Maybe they felt safe in there?  Congrats on all your baby shrimp!


----------



## Simpte 27 (Jul 16, 2004)

I am gearing up for my fluval's first cleaning. I'm hoping for similiar results!


----------



## brianclaw (May 17, 2005)

Wouldn't you get better results by adding a prefilter sponge to your canisters? Less chances of shrimp being sucked in would result in a higher survival rate, no? Plus the prefilter would actually cut down on your filter maintainence.


----------



## Piscesgirl (Feb 25, 2004)

I use the prefilter sponge by ATI, and it works incredibly well. Aquaclear sponges over the intake did not work, unfortunately. Sad thing is, I've read rumours that the company is no longer going to be making them? (Hydrosponges).


----------



## Bert H (Mar 2, 2004)

> Less chances of shrimp being sucked in would result in a higher survival rate, no?


I only saw 2 small cadavers in each filter. Frankly, they are so prolific I am not concerned with survival rates per se. I can only imagine that I must have at least as many shrimp in the tanks as I did in the filters. I started with 5 I got from Nathan (gnatster) about a year and a half ago. I have also given some away locally. I think they give my guppies a run for their money when it comes to reproducing.


----------



## JanS (Apr 14, 2004)

Geeze, maybe I should put my Crystal Red's in a canister filter....  JK...


----------



## kimbm04r (Apr 22, 2005)

Geeze, maybe I need to buy a canister filter!


----------



## trenac (Jul 16, 2004)

I also found baby shrimp in my Filstar XP1 canister filter, but not as many as Bert did. I've had baby's for a good while now and this is the first that I've had this to happen. 
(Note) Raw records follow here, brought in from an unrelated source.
(* Let $X\subset\mathbb{R}^n$. There exists a minimal factorization of $X$: a partition $J_1,\dots,J_N$ of $\{1,\dots,n\}$ inducing a factorization of $X$ such that for every partition $I_1,\dots,I_M$ of $\{1,\dots,n\}$ inducing a factorization of $X$ one has $I_i=\bigcup_{k:\,J_k\subset I_i}J_k$ for all $i=1,\dots,M$.
   Context: A partition $J_1,\dots,J_N$ of $\{1,\dots,n\}$ induces a factorization of $X$ (and $X$ factors with respect to it) if there exist sets $X_i\subset\mathbb{R}^{|J_i|}$ such that $X=\{x\in\mathbb{R}^n: P_{J_i}x\in X_i \text{ for } i=1,\dots,N\}$, where $P_{J}x=(x_j)_{j\in J}$ is the canonical projection. *)

theory Defs
  imports "HOL-Analysis.Analysis" "HOL-Library.Disjoint_Sets"
begin

definition proj :: "'n set \<Rightarrow> real ^ 'n \<Rightarrow> ('n \<Rightarrow> real)" where
  "proj J x = restrict (\<lambda>j. x $ j) J"

definition induces_factorization :: "(real ^ 'n) set \<Rightarrow> 'n set set \<Rightarrow> bool" where
  "induces_factorization X P \<longleftrightarrow> partition_on (UNIV :: 'n set) P \<and>
     (\<exists>Xs :: 'n set \<Rightarrow> ('n \<Rightarrow> real) set. X = {x. \<forall>J\<in>P. proj J x \<in> Xs J})"

end

theory Submission
  imports Defs
begin

text \<open>Call \<open>X\<close> split along a coordinate set \<open>S\<close> if splicing the \<open>S\<close>-coordinates of one point
  of \<open>X\<close> with the remaining coordinates of another always stays in \<open>X\<close>. A partition
  induces a factorization exactly when \<open>X\<close> splits along each of its blocks, and the sets
  along which \<open>X\<close> splits are closed under complement and intersection. Hence the
  intersection of all splitting sets containing a coordinate \<open>i\<close> is a splitting set, and
  these minimal splitting sets partition the coordinates; every block of a factorizing
  partition, being a splitting set, is a union of them.\<close>

definition splice :: "'n set \<Rightarrow> 'a ^ 'n \<Rightarrow> 'a ^ 'n \<Rightarrow> 'a ^ 'n" where
  "splice S x y = (\<chi> j. if j \<in> S then x $ j else y $ j)"

definition splits :: "('a ^ 'n) set \<Rightarrow> 'n set \<Rightarrow> bool" where
  "splits X S \<longleftrightarrow> (\<forall>x\<in>X. \<forall>y\<in>X. splice S x y \<in> X)"

lemma proj_eq_iff: "proj J x = proj J y \<longleftrightarrow> (\<forall>j\<in>J. x $ j = y $ j)"
  by (auto simp: proj_def restrict_def fun_eq_iff)

lemma splits_UNIV: "splits X UNIV"
  by (simp add: splits_def splice_def)

lemma splits_Compl:
  fixes X :: "('a ^ 'n) set"
  assumes "splits X S"
  shows "splits X (- S)"
proof -
  have "splice (- S) x y = splice S y x" for x y :: "'a ^ 'n"
    by (simp add: splice_def vec_eq_iff)
  then show ?thesis
    using assms by (simp add: splits_def)
qed

lemma splits_Int:
  fixes X :: "('a ^ 'n) set"
  assumes "splits X S" "splits X T"
  shows "splits X (S \<inter> T)"
proof -
  have "splice (S \<inter> T) x y = splice S (splice T x y) y" for x y :: "'a ^ 'n"
    by (simp add: splice_def vec_eq_iff)
  then show ?thesis
    using assms by (simp add: splits_def)
qed

lemma splits_Inter: "finite F \<Longrightarrow> \<forall>S\<in>F. splits X S \<Longrightarrow> splits X (\<Inter>F)"
  by (induction F rule: finite_induct) (auto simp: splits_UNIV splits_Int)

lemma splits_Union_agree:
  assumes "finite F" "F \<noteq> {}"
    and splits: "\<forall>S\<in>F. splits X S"
    and agree: "\<forall>S\<in>F. \<exists>x\<in>X. \<forall>j\<in>S. z $ j = x $ j"
  shows "\<exists>w\<in>X. \<forall>j\<in>\<Union>F. z $ j = w $ j"
  using assms(1,2) splits agree
proof (induction F rule: finite_ne_induct)
  case (singleton S)
  then show ?case by simp
next
  case (insert S F)
  then obtain w where w: "w \<in> X" "\<forall>j\<in>\<Union>F. z $ j = w $ j"
    by auto
  from insert.prems obtain x where x: "x \<in> X" "\<forall>j\<in>S. z $ j = x $ j"
    by auto
  have "splice S x w \<in> X"
    using insert.prems x(1) w(1) by (simp add: splits_def)
  moreover have "\<forall>j\<in>\<Union>(insert S F). z $ j = splice S x w $ j"
    using x(2) w(2) by (auto simp: splice_def)
  ultimately show ?case by blast
qed

lemma splits_if_induces_factorization:
  assumes "induces_factorization X P" "A \<in> P"
  shows "splits X A"
  unfolding splits_def
proof (intro ballI)
  from assms(1) obtain Xs where P: "partition_on UNIV P"
    and X: "X = {x. \<forall>J\<in>P. proj J x \<in> Xs J}"
    unfolding induces_factorization_def by blast
  fix x y assume "x \<in> X" "y \<in> X"
  have "proj J (splice A x y) = (if J = A then proj J x else proj J y)" if "J \<in> P" for J
  proof -
    have "J = A \<or> J \<inter> A = {}"
      using partition_onD2[OF P] \<open>J \<in> P\<close> assms(2) by (meson disjointD)
    then show ?thesis
      by (auto simp: proj_eq_iff splice_def)
  qed
  then show "splice A x y \<in> X"
    using \<open>x \<in> X\<close> \<open>y \<in> X\<close> X by auto
qed

lemma induces_factorization_if_splits:
  fixes X :: "(real ^ 'n) set"
  assumes P: "partition_on UNIV P" and splits: "\<forall>A\<in>P. splits X A"
  shows "induces_factorization X P"
  unfolding induces_factorization_def
proof (intro conjI exI)
  have UP: "\<Union>P = UNIV"
    using P by (simp add: partition_on_def)
  have "z \<in> X" if "\<forall>J\<in>P. proj J z \<in> proj J ` X" for z
  proof -
    have "\<forall>J\<in>P. \<exists>x\<in>X. \<forall>j\<in>J. z $ j = x $ j"
      using that by (simp add: image_iff proj_eq_iff)
    moreover have "P \<noteq> {}"
      using UP by auto
    ultimately obtain w where "w \<in> X" "\<forall>j\<in>\<Union>P. z $ j = w $ j"
      using splits_Union_agree[OF finite _ splits] by blast
    moreover from this(2) have "z = w"
      using UP by (simp add: vec_eq_iff)
    ultimately show ?thesis
      by simp
  qed
  then show "X = {z. \<forall>J\<in>P. proj J z \<in> proj J ` X}"
    by blast
qed (rule P)

definition splitting_class :: "('a ^ 'n) set \<Rightarrow> 'n \<Rightarrow> 'n set" where
  "splitting_class X i = \<Inter>{S. splits X S \<and> i \<in> S}"

lemma splits_splitting_class: "splits X (splitting_class X i)"
  unfolding splitting_class_def by (rule splits_Inter) auto

lemma mem_splitting_class: "i \<in> splitting_class X i"
  by (simp add: splitting_class_def)

lemma splitting_class_subset: "splits X S \<Longrightarrow> i \<in> S \<Longrightarrow> splitting_class X i \<subseteq> S"
  by (auto simp: splitting_class_def)

lemma splitting_class_eq:
  assumes "k \<in> splitting_class X i"
  shows "splitting_class X k = splitting_class X i"
proof
  show "splitting_class X k \<subseteq> splitting_class X i"
    using assms splits_splitting_class splitting_class_subset by blast
  have "i \<in> splitting_class X k"
  proof (rule ccontr)
    assume "i \<notin> splitting_class X k"
    then have "splitting_class X i \<subseteq> - splitting_class X k"
      by (intro splitting_class_subset splits_Compl splits_splitting_class) simp
    then show False
      using assms mem_splitting_class by blast
  qed
  then show "splitting_class X i \<subseteq> splitting_class X k"
    using splits_splitting_class splitting_class_subset by blast
qed

lemma partition_on_splitting_classes: "partition_on UNIV (range (splitting_class X))"
proof (rule partition_onI)
  show "\<Union>(range (splitting_class X)) = UNIV" "{} \<notin> range (splitting_class X)"
    using mem_splitting_class by blast+
next
  fix p q assume "p \<in> range (splitting_class X)" "q \<in> range (splitting_class X)" "p \<noteq> q"
  then show "disjnt p q"
    unfolding disjnt_def using splitting_class_eq by (metis disjoint_iff rangeE)
qed

lemma splits_eq_Union_splitting_classes:
  assumes "splits X I"
  shows "I = \<Union>{J\<in>range (splitting_class X). J \<subseteq> I}"
  using splitting_class_subset[OF assms] mem_splitting_class by blast

theorem lemma2:
  fixes X :: "(real ^ 'n) set"
  shows "\<exists>P. induces_factorization X P \<and>
           (\<forall>Q. induces_factorization X Q \<longrightarrow> (\<forall>I\<in>Q. I = \<Union>{J\<in>P. J \<subseteq> I}))"
proof (intro exI conjI allI impI ballI)
  show "induces_factorization X (range (splitting_class X))"
    by (auto intro: induces_factorization_if_splits partition_on_splitting_classes
        splits_splitting_class)
next
  fix Q I assume "induces_factorization X Q" "I \<in> Q"
  then show "I = \<Union>{J\<in>range (splitting_class X). J \<subseteq> I}"
    by (intro splits_eq_Union_splitting_classes splits_if_induces_factorization)
qed

end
I've tried using the pre-filter in the past but found it to be to much work. I had to take it off and clean it ever few days and in a 20G long tank is not that easy. So now I go without.


----------



## richy (Nov 8, 2004)

I think the reason shrimp are able to survive in these canister filters is because of the pre-filter sponges within the units themselves. There are plenty of spaces for them to cling to, and plenty of food on those sponges. Wouldn't it be cool to be able to have a clear form factor on the canister filters so that you are able to see exactly what is happening with the cherries?

I agree with the other folks though, a pre-filter for your pre-filter is the best way to go. That way you can enjoy the shrimp out and about in the tank rather than in the filter where there is danger of them being killed by moving parts.


----------